Supplied records |
::::

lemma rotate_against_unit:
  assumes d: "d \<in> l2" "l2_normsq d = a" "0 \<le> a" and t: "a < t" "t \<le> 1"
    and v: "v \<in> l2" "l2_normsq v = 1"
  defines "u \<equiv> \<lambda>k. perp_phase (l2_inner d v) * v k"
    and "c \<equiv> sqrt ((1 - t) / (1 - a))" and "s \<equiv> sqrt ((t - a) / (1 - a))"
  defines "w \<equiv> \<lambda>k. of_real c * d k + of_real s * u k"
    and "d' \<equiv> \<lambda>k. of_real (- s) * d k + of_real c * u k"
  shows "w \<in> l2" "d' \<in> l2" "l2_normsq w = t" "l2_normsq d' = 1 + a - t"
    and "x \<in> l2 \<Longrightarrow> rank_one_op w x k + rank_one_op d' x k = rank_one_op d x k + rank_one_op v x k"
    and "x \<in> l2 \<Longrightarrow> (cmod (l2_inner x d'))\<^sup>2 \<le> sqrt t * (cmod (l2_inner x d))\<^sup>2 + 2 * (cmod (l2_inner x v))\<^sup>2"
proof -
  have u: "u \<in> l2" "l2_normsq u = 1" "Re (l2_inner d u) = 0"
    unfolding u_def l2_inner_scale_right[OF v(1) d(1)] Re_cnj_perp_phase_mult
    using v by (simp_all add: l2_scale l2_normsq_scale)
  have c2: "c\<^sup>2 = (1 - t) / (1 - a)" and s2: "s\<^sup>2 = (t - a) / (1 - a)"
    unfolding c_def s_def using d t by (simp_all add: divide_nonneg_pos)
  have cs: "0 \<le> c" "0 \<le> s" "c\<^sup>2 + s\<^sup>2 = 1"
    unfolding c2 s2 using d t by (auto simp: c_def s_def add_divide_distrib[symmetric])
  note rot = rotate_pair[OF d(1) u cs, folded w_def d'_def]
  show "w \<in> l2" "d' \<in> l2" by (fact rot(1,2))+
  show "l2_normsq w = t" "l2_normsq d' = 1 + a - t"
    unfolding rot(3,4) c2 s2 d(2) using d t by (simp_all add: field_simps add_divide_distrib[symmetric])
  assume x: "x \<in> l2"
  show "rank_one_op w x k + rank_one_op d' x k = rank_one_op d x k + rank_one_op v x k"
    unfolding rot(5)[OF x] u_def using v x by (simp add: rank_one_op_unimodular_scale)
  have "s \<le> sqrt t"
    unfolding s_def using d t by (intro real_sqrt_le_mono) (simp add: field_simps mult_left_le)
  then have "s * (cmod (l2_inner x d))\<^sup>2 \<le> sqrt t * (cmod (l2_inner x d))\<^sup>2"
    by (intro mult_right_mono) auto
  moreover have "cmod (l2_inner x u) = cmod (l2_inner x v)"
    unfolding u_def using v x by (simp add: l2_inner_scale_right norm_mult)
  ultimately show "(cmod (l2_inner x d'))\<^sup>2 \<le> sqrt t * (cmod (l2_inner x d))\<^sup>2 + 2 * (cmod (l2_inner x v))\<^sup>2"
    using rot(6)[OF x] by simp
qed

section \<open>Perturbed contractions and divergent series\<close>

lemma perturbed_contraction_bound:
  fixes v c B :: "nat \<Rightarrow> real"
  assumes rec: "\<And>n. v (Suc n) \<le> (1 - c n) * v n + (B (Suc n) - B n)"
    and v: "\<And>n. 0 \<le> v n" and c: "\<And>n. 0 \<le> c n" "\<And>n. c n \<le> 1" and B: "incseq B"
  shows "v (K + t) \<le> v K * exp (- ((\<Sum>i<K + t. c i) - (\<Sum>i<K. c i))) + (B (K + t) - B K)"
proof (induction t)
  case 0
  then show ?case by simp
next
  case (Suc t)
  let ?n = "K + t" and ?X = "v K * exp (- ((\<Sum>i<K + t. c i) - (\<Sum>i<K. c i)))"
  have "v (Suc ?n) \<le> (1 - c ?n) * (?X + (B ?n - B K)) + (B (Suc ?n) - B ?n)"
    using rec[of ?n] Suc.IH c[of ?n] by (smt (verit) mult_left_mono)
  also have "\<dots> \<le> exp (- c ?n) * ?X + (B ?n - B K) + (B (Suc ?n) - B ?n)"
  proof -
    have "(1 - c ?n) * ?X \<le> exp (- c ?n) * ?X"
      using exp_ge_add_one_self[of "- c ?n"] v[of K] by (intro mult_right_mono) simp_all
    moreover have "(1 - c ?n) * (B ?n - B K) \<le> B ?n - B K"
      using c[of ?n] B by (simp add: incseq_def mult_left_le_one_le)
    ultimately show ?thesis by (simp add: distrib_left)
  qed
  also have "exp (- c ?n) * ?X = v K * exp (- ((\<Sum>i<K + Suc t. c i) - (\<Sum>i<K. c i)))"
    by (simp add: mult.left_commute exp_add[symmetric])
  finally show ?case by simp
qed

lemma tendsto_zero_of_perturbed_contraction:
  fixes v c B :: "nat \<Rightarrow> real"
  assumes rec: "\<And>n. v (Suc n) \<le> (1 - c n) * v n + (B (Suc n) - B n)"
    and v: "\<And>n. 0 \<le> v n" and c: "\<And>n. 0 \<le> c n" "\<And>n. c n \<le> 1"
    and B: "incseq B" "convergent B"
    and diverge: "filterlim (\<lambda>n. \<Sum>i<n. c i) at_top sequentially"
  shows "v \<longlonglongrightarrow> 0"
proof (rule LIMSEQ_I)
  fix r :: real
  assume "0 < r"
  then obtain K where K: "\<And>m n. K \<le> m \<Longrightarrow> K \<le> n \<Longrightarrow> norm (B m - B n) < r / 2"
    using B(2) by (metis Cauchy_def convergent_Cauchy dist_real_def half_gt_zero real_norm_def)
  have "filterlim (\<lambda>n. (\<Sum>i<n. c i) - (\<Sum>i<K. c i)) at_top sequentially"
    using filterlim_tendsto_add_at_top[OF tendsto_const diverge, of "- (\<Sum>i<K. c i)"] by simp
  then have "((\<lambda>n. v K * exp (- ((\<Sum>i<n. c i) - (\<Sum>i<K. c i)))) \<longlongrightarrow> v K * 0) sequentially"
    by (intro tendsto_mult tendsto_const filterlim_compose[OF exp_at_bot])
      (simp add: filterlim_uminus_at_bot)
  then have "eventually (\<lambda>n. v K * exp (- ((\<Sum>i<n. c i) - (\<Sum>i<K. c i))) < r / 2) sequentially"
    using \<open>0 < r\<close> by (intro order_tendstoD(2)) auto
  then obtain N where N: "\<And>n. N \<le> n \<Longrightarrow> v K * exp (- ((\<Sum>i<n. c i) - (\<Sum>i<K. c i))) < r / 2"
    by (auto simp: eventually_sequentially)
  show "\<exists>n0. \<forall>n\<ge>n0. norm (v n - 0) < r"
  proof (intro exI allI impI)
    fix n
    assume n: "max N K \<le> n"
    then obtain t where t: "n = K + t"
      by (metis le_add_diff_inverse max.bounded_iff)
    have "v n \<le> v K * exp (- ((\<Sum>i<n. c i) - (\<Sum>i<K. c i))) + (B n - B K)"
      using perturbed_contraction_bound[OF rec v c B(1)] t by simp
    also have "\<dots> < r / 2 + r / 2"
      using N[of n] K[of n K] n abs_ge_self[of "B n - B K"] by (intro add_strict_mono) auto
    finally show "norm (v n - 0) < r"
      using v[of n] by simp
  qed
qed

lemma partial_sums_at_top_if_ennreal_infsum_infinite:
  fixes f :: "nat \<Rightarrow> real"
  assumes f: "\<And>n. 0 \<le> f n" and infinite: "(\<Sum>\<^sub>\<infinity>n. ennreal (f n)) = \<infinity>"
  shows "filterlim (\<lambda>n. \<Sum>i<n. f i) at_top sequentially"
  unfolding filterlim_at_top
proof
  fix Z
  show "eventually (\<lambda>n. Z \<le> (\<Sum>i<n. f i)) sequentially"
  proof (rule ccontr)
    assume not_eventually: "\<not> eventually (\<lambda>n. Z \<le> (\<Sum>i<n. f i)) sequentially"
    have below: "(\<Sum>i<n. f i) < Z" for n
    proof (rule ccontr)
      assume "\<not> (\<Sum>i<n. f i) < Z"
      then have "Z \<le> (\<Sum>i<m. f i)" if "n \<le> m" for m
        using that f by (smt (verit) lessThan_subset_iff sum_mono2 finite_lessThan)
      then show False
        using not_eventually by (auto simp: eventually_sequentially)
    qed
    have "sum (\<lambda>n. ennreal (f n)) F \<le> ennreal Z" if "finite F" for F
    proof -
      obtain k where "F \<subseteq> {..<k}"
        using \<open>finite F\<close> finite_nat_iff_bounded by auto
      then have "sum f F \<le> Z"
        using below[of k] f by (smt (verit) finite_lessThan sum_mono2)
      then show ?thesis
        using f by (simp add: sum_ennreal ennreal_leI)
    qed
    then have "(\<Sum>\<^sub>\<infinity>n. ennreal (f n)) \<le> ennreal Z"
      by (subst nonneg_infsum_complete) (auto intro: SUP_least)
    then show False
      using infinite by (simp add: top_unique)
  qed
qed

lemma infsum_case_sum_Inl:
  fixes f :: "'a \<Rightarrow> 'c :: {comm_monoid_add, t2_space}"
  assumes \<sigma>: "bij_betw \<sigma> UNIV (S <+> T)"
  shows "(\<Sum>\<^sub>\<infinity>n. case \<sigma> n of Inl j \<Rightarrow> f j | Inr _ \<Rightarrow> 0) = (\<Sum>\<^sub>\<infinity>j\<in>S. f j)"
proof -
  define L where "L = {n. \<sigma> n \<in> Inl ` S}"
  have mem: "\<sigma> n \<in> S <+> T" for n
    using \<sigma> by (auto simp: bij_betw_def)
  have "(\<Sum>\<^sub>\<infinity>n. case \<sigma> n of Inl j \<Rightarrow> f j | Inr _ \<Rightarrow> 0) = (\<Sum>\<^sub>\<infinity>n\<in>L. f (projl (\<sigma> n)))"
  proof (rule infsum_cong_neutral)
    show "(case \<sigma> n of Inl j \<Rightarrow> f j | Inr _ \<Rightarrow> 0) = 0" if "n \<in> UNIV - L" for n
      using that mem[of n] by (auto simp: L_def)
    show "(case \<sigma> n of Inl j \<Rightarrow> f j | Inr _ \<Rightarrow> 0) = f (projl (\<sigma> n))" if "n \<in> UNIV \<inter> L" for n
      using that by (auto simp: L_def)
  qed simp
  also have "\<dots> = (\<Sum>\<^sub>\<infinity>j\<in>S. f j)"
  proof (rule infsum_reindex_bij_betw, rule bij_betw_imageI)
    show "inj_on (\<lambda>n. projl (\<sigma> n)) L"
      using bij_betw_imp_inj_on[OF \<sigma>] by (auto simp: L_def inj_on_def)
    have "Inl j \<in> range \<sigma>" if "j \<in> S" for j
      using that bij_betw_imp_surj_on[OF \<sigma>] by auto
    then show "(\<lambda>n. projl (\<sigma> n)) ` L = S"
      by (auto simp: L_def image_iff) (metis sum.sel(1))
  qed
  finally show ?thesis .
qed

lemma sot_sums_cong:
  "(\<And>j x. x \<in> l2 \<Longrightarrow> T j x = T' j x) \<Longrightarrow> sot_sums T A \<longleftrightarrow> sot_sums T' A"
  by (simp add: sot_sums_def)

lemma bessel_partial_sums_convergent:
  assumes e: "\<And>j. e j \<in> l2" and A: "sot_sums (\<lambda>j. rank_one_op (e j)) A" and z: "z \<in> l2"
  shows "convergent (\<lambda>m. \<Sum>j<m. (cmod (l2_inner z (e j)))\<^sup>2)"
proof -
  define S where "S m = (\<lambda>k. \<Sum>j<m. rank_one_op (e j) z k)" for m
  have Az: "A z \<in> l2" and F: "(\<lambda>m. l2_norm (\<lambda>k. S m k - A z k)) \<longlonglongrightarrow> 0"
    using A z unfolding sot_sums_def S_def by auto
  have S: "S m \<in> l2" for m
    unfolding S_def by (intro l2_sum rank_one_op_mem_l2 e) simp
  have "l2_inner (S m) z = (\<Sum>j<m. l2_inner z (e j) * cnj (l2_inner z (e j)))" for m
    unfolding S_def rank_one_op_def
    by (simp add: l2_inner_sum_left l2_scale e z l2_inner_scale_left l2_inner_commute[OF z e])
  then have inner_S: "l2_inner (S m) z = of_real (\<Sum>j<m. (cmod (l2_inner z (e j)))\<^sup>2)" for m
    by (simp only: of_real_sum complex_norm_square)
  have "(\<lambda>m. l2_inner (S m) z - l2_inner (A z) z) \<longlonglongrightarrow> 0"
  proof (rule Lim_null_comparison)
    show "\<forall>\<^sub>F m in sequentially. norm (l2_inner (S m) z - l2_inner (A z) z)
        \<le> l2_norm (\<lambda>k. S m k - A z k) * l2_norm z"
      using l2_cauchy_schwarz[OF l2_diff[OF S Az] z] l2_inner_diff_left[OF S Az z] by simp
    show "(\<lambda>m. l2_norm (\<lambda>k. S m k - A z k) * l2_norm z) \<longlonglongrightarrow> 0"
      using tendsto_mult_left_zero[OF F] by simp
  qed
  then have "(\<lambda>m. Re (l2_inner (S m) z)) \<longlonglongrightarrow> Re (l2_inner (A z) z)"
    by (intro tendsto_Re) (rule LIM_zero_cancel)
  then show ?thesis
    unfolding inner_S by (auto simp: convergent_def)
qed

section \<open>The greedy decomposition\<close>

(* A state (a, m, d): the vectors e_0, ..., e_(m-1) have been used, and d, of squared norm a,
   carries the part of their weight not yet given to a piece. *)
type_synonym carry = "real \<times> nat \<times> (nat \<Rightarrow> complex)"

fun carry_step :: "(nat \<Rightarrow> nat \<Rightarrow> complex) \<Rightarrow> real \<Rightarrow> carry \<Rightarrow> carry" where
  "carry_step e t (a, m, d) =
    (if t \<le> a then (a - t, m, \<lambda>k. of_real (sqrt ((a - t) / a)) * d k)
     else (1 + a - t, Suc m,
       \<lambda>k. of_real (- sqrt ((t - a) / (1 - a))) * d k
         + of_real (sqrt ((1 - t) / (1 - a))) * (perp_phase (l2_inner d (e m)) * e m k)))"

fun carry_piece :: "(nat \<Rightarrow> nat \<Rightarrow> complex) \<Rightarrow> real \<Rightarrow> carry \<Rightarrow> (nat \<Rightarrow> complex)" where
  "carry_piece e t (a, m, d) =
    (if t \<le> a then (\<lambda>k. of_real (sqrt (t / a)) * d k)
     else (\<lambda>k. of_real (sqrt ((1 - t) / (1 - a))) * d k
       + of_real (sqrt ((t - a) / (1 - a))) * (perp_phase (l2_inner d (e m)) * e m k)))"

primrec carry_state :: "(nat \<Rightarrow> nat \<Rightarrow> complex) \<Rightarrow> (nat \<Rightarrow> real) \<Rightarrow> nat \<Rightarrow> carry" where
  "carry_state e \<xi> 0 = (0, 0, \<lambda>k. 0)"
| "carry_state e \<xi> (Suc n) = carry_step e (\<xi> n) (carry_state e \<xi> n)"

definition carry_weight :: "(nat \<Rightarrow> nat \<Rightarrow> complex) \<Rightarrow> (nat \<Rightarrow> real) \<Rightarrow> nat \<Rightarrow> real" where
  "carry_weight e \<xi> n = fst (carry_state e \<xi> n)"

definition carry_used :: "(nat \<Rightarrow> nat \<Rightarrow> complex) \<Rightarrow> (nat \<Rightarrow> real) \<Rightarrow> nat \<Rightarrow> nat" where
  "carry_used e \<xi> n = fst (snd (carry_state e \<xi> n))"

::::

Assignment | Tally the lines of the material in which the string "dots" appears. Give the tally and nothing else.

Reply | 3